Task instructions =>
Of the entries that follow, how many lines hold the word "assumes"? Reply with the number only.

----------------------------------------

(* For every integer $i\ge 1$, the sequence $\{\sqrt[n]{d_i(i+n)}\}_{n\ge 1}$ is strictly log-convex; that is, for all integers $i\ge 1$ and $n\ge 1$, $$\frac{\sqrt[n+1]{d_i(i+n+1)}}{\sqrt[n]{d_i(i+n)}}<\frac{\sqrt[n+2]{d_i(i+n+2)}}{\sqrt[n+1]{d_i(i+n+1)}}.$$
   Context: For integers $m\ge 0$ and $0\le i\le m$, the Boros–Moll numbers are $$d_i(m)=2^{-2m}\sum_{k=i}^{m}2^k\binom{2m-2k}{m-k}\binom{m+k}{k}\binom{k}{i}.$$ *)

theory Defs
  imports Complex_Main
begin

definition boros_moll :: "nat \<Rightarrow> nat \<Rightarrow> real" where
  "boros_moll i m = (1 / 2 ^ (2 * m)) *
     (\<Sum>k = i..m. 2 ^ k * real ((2 * m - 2 * k) choose (m - k))
                  * real ((m + k) choose k) * real (k choose i))"

end

theory Submission
  imports Defs
begin

text \<open>Write a(n) = d_i(i + n). It is a sum of hypergeometric terms, so creative telescoping yields
  a three-term recurrence c2 a(n+2) = c1 a(n+1) - c0 a(n), certified by an explicit rational
  function. The ratios r(n) = a(n+1) / a(n) then obey r(n+1) = (c1 - c0 / r(n)) / c2. An explicit
  rational lower bound for r(n) propagates through this recursion, and together with the recursion
  it forces r(n+1)^2 < r(n) r(n+2); both steps reduce to polynomials with nonnegative coefficients.
  Hence ln a(n) has strictly convex differences, and since a(0) \<ge> 1 the values
  ln a(n) / n = ln (root n (a n)) are strictly convex in n, which is the claim.\<close>

lemma convex_seq_sum_bound:
  fixes u :: "nat \<Rightarrow> real"
  assumes convex: "\<And>j. 2 * u (j+1) < u j + u (j+2)" and "n \<ge> 1"
  shows "real n * (real n + 1) * (u n - u (n+1)) < 2 * (\<Sum>j<n. u j - u n)"
  using \<open>n \<ge> 1\<close>
proof (induction n rule: nat_induct_at_least)
  case base
  then show ?case using convex[of 0] by simp
next
  case (Suc n)
  have "real (Suc n) * (real (Suc n) + 1) * (u (Suc n) - u (Suc n + 1))
      = (real n + 1) * (real n + 2) * (u (n+1) - u (n+2))"
    by (simp add: algebra_simps)
  also have "\<dots> < (real n + 1) * (real n + 2) * (u n - u (n+1))"
    using convex[of n] by (intro mult_strict_left_mono) auto
  also have "\<dots> = real n * (real n + 1) * (u n - u (n+1)) + 2 * ((real n + 1) * (u n - u (n+1)))"
    by (simp add: algebra_simps)
  also have "\<dots> < 2 * ((\<Sum>j<n. u j - u n) + (real n + 1) * (u n - u (n+1)))"
    using Suc.IH by simp
  also have "\<dots> = 2 * (\<Sum>j<Suc n. u j - u (Suc n))"
    by (simp add: sum_subtractf algebra_simps)
  finally show ?case .
qed

lemma quotient_by_index_strictly_convex:
  fixes f :: "nat \<Rightarrow> real"
  assumes "f 0 \<ge> 0"
    and diff_convex: "\<And>j. 2 * (f (j+2) - f (j+1)) < (f (j+1) - f j) + (f (j+3) - f (j+2))"
    and "n \<ge> 1"
  shows "f (n+1) / real (n+1) - f n / real n < f (n+2) / real (n+2) - f (n+1) / real (n+1)"
proof -
  define u where "u j = f (j+1) - f j" for j
  define N where "N = real n"
  have "real n * (real n + 1) * (u n - u (n+1)) < 2 * (\<Sum>j<n. u j - u n)"
    using diff_convex \<open>n \<ge> 1\<close> by (intro convex_seq_sum_bound) (simp_all add: u_def numeral_3_eq_3)
  also have "(\<Sum>j<n. u j - u n) = f n - f 0 - real n * u n"
    using sum_lessThan_telescope[of f n] by (simp add: sum_subtractf u_def)
  finally have key: "0 < 2 * f n - 2 * N * u n - N * (N + 1) * (u n - u (n+1))"
    using \<open>f 0 \<ge> 0\<close> by (simp add: N_def algebra_simps)
  have f_Suc: "f (n+1) = f n + u n" "f (n+2) = f n + u n + u (n+1)"
    by (simp_all add: u_def)
  have "N \<ge> 1" using \<open>n \<ge> 1\<close> by (simp add: N_def)
  then have "(f n + u n) / (N+1) - f n / N - ((f n + u n + u (n+1)) / (N+2) - (f n + u n) / (N+1))
      = - (2 * f n - 2 * N * u n - N * (N + 1) * (u n - u (n+1))) / (N * (N+1) * (N+2))"
    by (simp add: divide_simps) algebra
  also have "\<dots> < 0"
    using key \<open>N \<ge> 1\<close> by (simp add: divide_less_0_iff)
  finally have "(f n + u n) / (N+1) - f n / N < (f n + u n + u (n+1)) / (N+2) - (f n + u n) / (N+1)"
    by linarith
  then show ?thesis
    unfolding f_Suc N_def by (simp only: of_nat_add of_nat_1 of_nat_numeral)
qed

lemma root_seq_strictly_log_convex:
  fixes a :: "nat \<Rightarrow> real"
  assumes pos: "\<And>k. a k > 0" and "a 0 \<ge> 1"
    and ratio_log_convex: "\<And>k. (a (k+2) / a (k+1))^2 < a (k+1) / a k * (a (k+3) / a (k+2))"
    and "n \<ge> 1"
  shows "root (n+1) (a (n+1)) / root n (a n) < root (n+2) (a (n+2)) / root (n+1) (a (n+1))"
proof -
  define f where "f k = ln (a k)" for k
  have nz: "a k \<noteq> 0" for k
    using pos[of k] by simp
  have "2 * (f (j+2) - f (j+1)) < (f (j+1) - f j) + (f (j+3) - f (j+2))" for j
  proof -
    have "ln ((a (j+2) / a (j+1))^2) < ln (a (j+1) / a j * (a (j+3) / a (j+2)))"
      using ratio_log_convex[of j] pos by (subst ln_less_cancel_iff) auto
    then show ?thesis
      using pos nz by (simp add: f_def ln_mult ln_div ln_realpow)
  qed
  then have "f (n+1) / real (n+1) - f n / real n < f (n+2) / real (n+2) - f (n+1) / real (n+1)"
    using \<open>a 0 \<ge> 1\<close> \<open>n \<ge> 1\<close> by (intro quotient_by_index_strictly_convex) (simp_all add: f_def)
  moreover have ln_quot: "ln (root (m+1) (a (m+1)) / root m (a m)) = f (m+1) / real (m+1) - f m / real m"
    if "m \<ge> 1" for m
    using that pos nz by (simp add: f_def ln_div ln_root)
  ultimately have "ln (root (n+1) (a (n+1)) / root n (a n))
      < ln (root (n+2) (a (n+2)) / root (n+1) (a (n+1)))"
    using ln_quot[of "n+1"] \<open>n \<ge> 1\<close> by (simp add: numeral_2_eq_2)
  then show ?thesis
    using \<open>n \<ge> 1\<close> pos by (subst (asm) ln_less_cancel_iff) auto
qed


text \<open>\<open>bm_term i j l\<close> is the summand \<open>k = i + l\<close> of \<open>d\<^sub>i(i + l + j)\<close>.\<close>
definition bm_term :: "nat \<Rightarrow> nat \<Rightarrow> nat \<Rightarrow> real" where
  "bm_term i j l = 2^l * fact (2*j) * fact (2*i+2*l+j)
     / (fact j ^ 2 * fact (i+l+j) * fact i * fact l * 2^(i + 2*(l+j)))"

definition bm_seq :: "nat \<Rightarrow> nat \<Rightarrow> real" where
  "bm_seq i n = (\<Sum>l\<le>n. bm_term i (n-l) l)"

definition bm_shift_j :: "real \<Rightarrow> real \<Rightarrow> real \<Rightarrow> real" where
  "bm_shift_j i j l = ((2*j+1)*(2*i+2*l+j+1)) / (2*(j+1)*(i+l+j+1))"

definition bm_shift_l :: "real \<Rightarrow> real \<Rightarrow> real \<Rightarrow> real" where
  "bm_shift_l i j l = ((2*i+2*l+j+1)*(2*i+2*l+j+2)) / (2*(i+l+j+1)*(l+1))"

lemma bm_term_pos: "bm_term i j l > 0"
  unfolding bm_term_def by (intro divide_pos_pos mult_pos_pos) auto

lemma bm_term_Suc_j: "bm_term i (Suc j) l = bm_term i j l * bm_shift_j i j l"
proof -
  have "2 * Suc j = Suc (Suc (2*j))" "2*i+2*l+Suc j = Suc (2*i+2*l+j)" "i+l+Suc j = Suc (i+l+j)"
    "i + 2*(l + Suc j) = Suc (Suc (i+2*(l+j)))"
    by simp_all
  moreover have "(fact j :: real) \<noteq> 0" "(fact (i+l+j) :: real) \<noteq> 0" "(fact i :: real) \<noteq> 0"
    "(fact l :: real) \<noteq> 0"
    by simp_all
  ultimately show ?thesis
    unfolding bm_term_def bm_shift_j_def fact_Suc power_Suc
    by (simp only: of_nat_mult of_nat_Suc) (simp add: divide_simps, simp add: algebra_simps power2_eq_square)
qed

lemma bm_term_Suc_l: "bm_term i j (Suc l) = bm_term i j l * bm_shift_l i j l"
proof -
  have "2*i+2*Suc l+j = Suc (Suc (2*i+2*l+j))" "i+Suc l+j = Suc (i+l+j)"
    "i + 2*(Suc l + j) = Suc (Suc (i+2*(l+j)))"
    by simp_all
  moreover have "(fact j :: real) \<noteq> 0" "(fact (i+l+j) :: real) \<noteq> 0" "(fact i :: real) \<noteq> 0"
    "(fact l :: real) \<noteq> 0"
    by simp_all
  ultimately show ?thesis
    unfolding bm_term_def bm_shift_l_def fact_Suc power_Suc
    by (simp only: of_nat_mult of_nat_Suc) (simp add: divide_simps algebra_simps power2_eq_square)
qed

lemma boros_moll_eq_bm_seq: "boros_moll i (i+n) = bm_seq i n"
proof -
  have "boros_moll i (i+n) = (1 / 2 ^ (2 * (i+n))) * (\<Sum>l = 0..n. 2 ^ (l+i)
      * real ((2 * (i+n) - 2 * (l+i)) choose ((i+n) - (l+i)))
      * real ((i+n) + (l+i) choose (l+i)) * real ((l+i) choose i))"
  proof -
    have "(\<Sum>k = i..i+n. g k) = (\<Sum>l = 0..n. g (l+i))" for g :: "nat \<Rightarrow> real"
      using sum.shift_bounds_cl_nat_ivl[of g 0 i n] by (simp add: add.commute)
    then show ?thesis unfolding boros_moll_def by presburger
  qed
  also have "\<dots> = (\<Sum>l\<le>n. bm_term i (n-l) l)"
    unfolding sum_distrib_left atLeast0AtMost
  proof (rule sum.cong[OF refl])
    fix l assume "l \<in> {..n}"
    then obtain j where nj: "n = l + j" using le_iff_add by auto
    have e: "2 * (i+n) - 2 * (l+i) = 2*j" "(i+n) - (l+i) = j" "(i+n) + (l+i) = 2*i+2*l+j" "n - l = j"
      using nj by auto
    have b1: "real ((2*j) choose j) = fact (2*j) / (fact j * fact j)"
      by (simp add: binomial_fact mult_2)
    have b2: "real ((2*i+2*l+j) choose (l+i)) = fact (2*i+2*l+j) / (fact (l+i) * fact (i+l+j))"
      by (subst binomial_fact) (auto simp: algebra_simps)
    have b3: "real ((l+i) choose i) = fact (l+i) / (fact i * fact l)"
      by (subst binomial_fact) auto
    have "(fact (l+i) :: real) \<noteq> 0" by simp
    moreover have "(2::real)^(i*2) = 2^i * 2^i" by (simp add: power_add[symmetric] mult_2_right)
    ultimately show "1 / 2 ^ (2 * (i + n)) * (2 ^ (l + i) * real (2 * (i + n) - 2 * (l + i) choose (i + n - (l + i))) *
          real (i + n + (l + i) choose (l + i)) * real (l + i choose i)) = bm_term i (n - l) l"
      unfolding e b1 b2 b3 bm_term_def using nj
      by (simp add: field_simps power_add power2_eq_square mult_2 add.commute add.left_commute)
  qed
  finally show ?thesis unfolding bm_seq_def .
qed

lemma bm_seq_pos: "bm_seq i n > 0"
  unfolding bm_seq_def by (rule sum_pos) (auto intro: bm_term_pos)

lemma fact_square_mult_power_two_le: "fact i * fact i * 2^i \<le> (fact (2*i) :: nat)"
proof (induction i)
  case 0 then show ?case by simp
next
  case (Suc i)
  have "fact (Suc i) * fact (Suc i) * 2 ^ Suc i = (2 * Suc i * Suc i) * (fact i * fact i * 2^i :: nat)"
    by (simp add: algebra_simps)
  also have "\<dots> \<le> (2 * Suc i * Suc i) * fact (2*i)"
    using Suc by (intro mult_left_mono) auto
  also have "\<dots> \<le> (Suc (Suc (2*i)) * Suc (2*i)) * fact (2*i)"
    by (intro mult_right_mono) auto
  also have "\<dots> = fact (2 * Suc i)"
    by (simp add: algebra_simps)
  finally show ?case .
qed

----------------------------------------

Answer to this task =>
3